Me: "I realize that, but as a daycare provider, I have to be sure that my kids are going to get home safe. Are you able to get another carseat, or do you want one of mine?"

Them: "Oh, that's not necessary. I'm a good driver. LIke I said, it's just a couple of blocks."

Me: "It's not a choice, really. It's the law. If anyone saw you driving them while not restrained, they could call the police."

Them: "Oh. Yeah. Well, it'd be better if you'd mind your own business."

Me: "I'm doing exactly that. I'm going to revise the childcare contract to require anyone picking up any of the kids to have a properly installed carseats for each child. Are you going to be able to do that? If not, we'll need to talk about you finding another childcare provider."

Or something along those lines.

And if it were a stranger, I'd call 911. I have done, and I've seen the cops come and ticket them. They take it seriously. As would any sane person. I'm a paramedic, and I've been to calls where the children were lying dead or dying in the middle of the highway because they'd been ejected from the vehicle because they weren't properly restrained. I've also seen a small child nearly cut in two from being restrained by just a lap belt. This isn't a 'parenting style' issue. It's a life and death safety issue.


----------



## mamaofthree (Jun 5, 2002)

i like the idea of doing a "safety" day for the kids and send home some info including stuff on carseats.

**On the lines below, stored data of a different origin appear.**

(* In any execution of $\mathtt{search}(\mathcal{G},T)$ (defined in the context), let $t$ be a tangle returned by extract-tangles$(Z,\sigma)$ in an iteration whose region $Z$ has priority $p$, $\alpha\equiv p\pmod 2$, and suppose $Z$ is the highest region of player $\alpha$, i.e. no region recorded in $r$ at that moment has a priority of parity $\alpha$. Then $E_T(t)=\emptyset$ (computed in the full game $\mathcal{G}$).
   Context: Parity games: $\mathcal{G}=(V_0,V_1,E,\mathrm{pr})$, $V=V_0\cup V_1$ finite, partitioned into vertices of Even ($0$) and Odd ($1$); $E\subseteq V\times V$ with every vertex having a successor; $\mathrm{pr}:V\to\{0,\dots,d\}$. $E(u)=\{v:(u,v)\in E\}$, $\mathrm{pr}(U)=\max_{u\in U}\mathrm{pr}(u)$, $\mathrm{pr}^{-1}(p)$ the set of vertices of priority $p$, $\overline{\alpha}=1-\alpha$. A cycle is won by $\alpha$ if its highest priority has parity $\alpha$. A strategy of $\alpha$ is a partial function $\sigma$ on $V_\alpha$ with $\sigma(v)\in E(v)$. For $U\subseteq V$, $\mathcal{G}\cap U$ is the subgame with vertices $V\cap U$ and edges $E\cap(U\times U)$, and $\mathcal{G}\setminus U=\mathcal{G}\cap(V\setminus U)$. A $p$-tangle is a nonempty $U\subseteq V$ with $p=\mathrm{pr}(U)$ such that for $\alpha\equiv p\pmod 2$ there is a strategy $\sigma:U\cap V_\alpha\to U$ (witness strategy $\sigma_T(U)$) with $(U,E\cap(\sigma\cup((U\cap V_{\overline{\alpha}})\times U)))$ strongly connected and all its cycles won by $\alpha$ ("won by $\alpha$"). For a tangle $t$ won by $\alpha$ in a game with edge set $E$, $E_T(t)=\{v\notin t:\exists u\in t\cap V_{\overline{\alpha}},(u,v)\in E\}$. $T_\alpha$ denotes the tangles of $T$ won by $\alpha$; for a subgame $\mathcal{G}'$, $T\cap\mathcal{G}'$ denotes the tangles of $T$ contained in its vertex set. Tangle attractor: for a game $\mathcal{G}$ with vertices $V$, tangles $T$, player $\alpha$ and $A\subseteq V$, $\mathit{TAttr}^{\mathcal{G},T}_\alpha(A)$ is the least $Z\supseteq A$ containing every $v\in V_\alpha$ with $E(v)\cap Z\neq\emptyset$, every $v\in V_{\overline{\alpha}}$ with $E(v)\subseteq Z$, and every vertex of every $t\in T_\alpha$ with $\emptyset\neq E_T(t)\subseteq Z$ ($E_T$ computed in $\mathcal{G}$). It is computed iteratively together with a strategy $\sigma$ of $\alpha$ (initially empty): when an $\alpha$-vertex is added individually, $\sigma$ maps it to a successor already in $Z$; each $\alpha$-vertex of $A$ gets as $\sigma$-value a successor in $Z$ once one exists; when the vertices of a tangle $t$ are added, $\sigma(u):=\sigma_T(t)(u)$ for every $\alpha$-vertex $u\in t$ not yet in $\mathrm{dom}(\sigma)$. extract-tangles$(Z,\sigma)$, for a subgame $\mathcal{G}'=(V',E')$ with top priority $p$, $\alpha\equiv p$, region $Z\subseteq V'$ and strategy $\sigma$: let $Y_Z$ be the greatest $X\subseteq Z$ such that every $v\in X\cap V_{\overline{\alpha}}$ has $E'(v)\subseteq X$ and every $v\in X\cap V_\alpha$ has $\sigma(v)\in X$; let $H$ be the graph on $Y_Z$ with edges $(v,\sigma(v))$ for $v\in Y_Z\cap V_\alpha$ and $(v,w)\in E'$ for $v\in Y_Z\cap V_{\overline{\alpha}}$; return all bottom strongly connected components of $H$ that contain at least one edge of $H$, each with witness strategy $\sigma$ restricted to it. $\mathtt{search}(\mathcal{G},T)$ (with $T$ a set of tangles of $\mathcal{G}$): repeat forever: set $r:=\emptyset$ (a partial function $V\to\mathbb{N}$, the region function) and $Y:=\emptyset$; while $V\setminus\mathrm{dom}(r)\neq\emptyset$: let $\mathcal{G}':=\mathcal{G}\setminus\mathrm{dom}(r)$ with vertex set $V'$, $T':=T\cap\mathcal{G}'$, $p:=\mathrm{pr}(\mathcal{G}')$, $\alpha:=p\bmod 2$; compute $(Z,\sigma):=\mathit{TAttr}^{\mathcal{G}',T'}_\alpha(\mathrm{pr}^{-1}(p)\cap V')$ (the region of priority $p$); let $A:=$ extract-tangles$(Z,\sigma)$; if some $t\in A$ has $E_T(t)=\emptyset$ with $E_T$ computed in the full game $\mathcal{G}$, return $(T\cup Y,t)$; otherwise set $r(v):=p$ for all $v\in Z$ and $Y:=Y\cup A$. After the while-loop, set $T:=T\cup Y$. *)

theory Defs
  imports Main
begin
(* Let $\mathbb{S}^2\subset\mathbb{R}^3$ be the unit sphere with its induced Euclidean metric, let $N=(0,0,1)$ and $S=(0,0,-1)$, and let $M=\mathbb{S}^2\setminus\{N,S\}$. Let $\vec v$ be a smooth unit vector field defined on $M$. If $k=\max\{I_{\vec v}(N),I_{\vec v}(S)\}$, then \[ \mathrm{vol}(\vec v)\ \ge\ \pi\, L(\varepsilon_k), \] where $L(\varepsilon_k)$ is the length of the ellipse $\varepsilon_k:\ \frac{x^2}{k^2}+\frac{y^2}{(k-2)^2}=1$, with $k>2$.
   Context: $I_{\vec v}(P)$ denotes the Poincaré index of $\vec v$ around the isolated singular point $P\in\{N,S\}$. The volume $\mathrm{vol}(\vec v)$ of the unit vector field is the area of the surface $\vec v(M)$ in the unit tangent bundle $T^1\mathbb{S}^2$ equipped with the Sasaki metric; equivalently, if $g$ is the round metric, $\nabla$ its Levi-Civita connection, $\nu$ the area form, and $\vec v^{\perp}$ is the unit vector field such that $\{\vec v^{\perp},\vec v\}$ is a positively oriented orthonormal frame, then \[ \mathrm{vol}(\vec v)=\int_M\sqrt{1+\gamma^2+\delta^2}\,\nu,\qquad \gamma=g(\nabla_{\vec v}\vec v,\vec v^{\perp}),\quad \delta=g(\nabla_{\vec v^{\perp}}\vec v^{\perp},\vec v). \] *)

theory Defs
  imports "HOL-Analysis.Analysis" "HOL-Complex_Analysis.Complex_Analysis"
begin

i would NOT call 911 or the police.

i would even guess the parents know that parent A has no car seats and is ok with it.

i do have to say i am always amazed at how quickly people will call the police and report someone for doing something they think is most important. to me there is something to the point of parents choosing what is best for their families. do i want someone to call 911 or CPS on me because i unschool or co-sleep or i don't vax? where do we draw the line? and when you say this is OK to report when does it stop? only when it is something you don't care about?


----------



## HeckedyPeg (May 15, 2010)

Quote:


> Originally Posted by *andsensibility*
> 
> This is not a parenting issue; this isn't a decision about breastfeeding vs. bottle feeding, or co-sleeping vs. hardcore CIO. This is a human rights issue, because anybody who puts a child in a car without an appropriate car seat is risking that child's life. It is illegal, and parents do not have the legal or moral right to make that choice, just like they don't have the right to choose to beat their child or molest them. Not using a car seat is potentially a bigger deal than either of those (yes, bigger than physical or sexual abuse), because the child could die. Dead, forever, in the ground, gone.
> 
> I would tell them to either come up with a legal solution or I would call the police to report it as soon as they left the house. And I would follow through.


Quote:


> Originally Posted by *elus0814*
> 
> Sorry but this just makes me laugh. Car seat use is a human rights issue?
> 
> ...


I have to agree with andsensibility. I'm actually shocked at how many responses are saying "just mind your own business" or that it doesn't matter. The BIG difference between carseats and something like the vaccine issue is when you're choosing to vaccinate or not there are PROS AND CONS TO EACH SIDE of the issue. I can't think of any major CONS of using a carseat! It's inconvenient and possible expensive at worst, but there are many options if pricing is an issue, but all those pale in the face of the big glaring fact that if you're in an accident with a child they are very likely to be seriously injured or die. Doesn't anyone remember watching the Red Asphalt movies from the seventies before carseats and seatbelts were the law?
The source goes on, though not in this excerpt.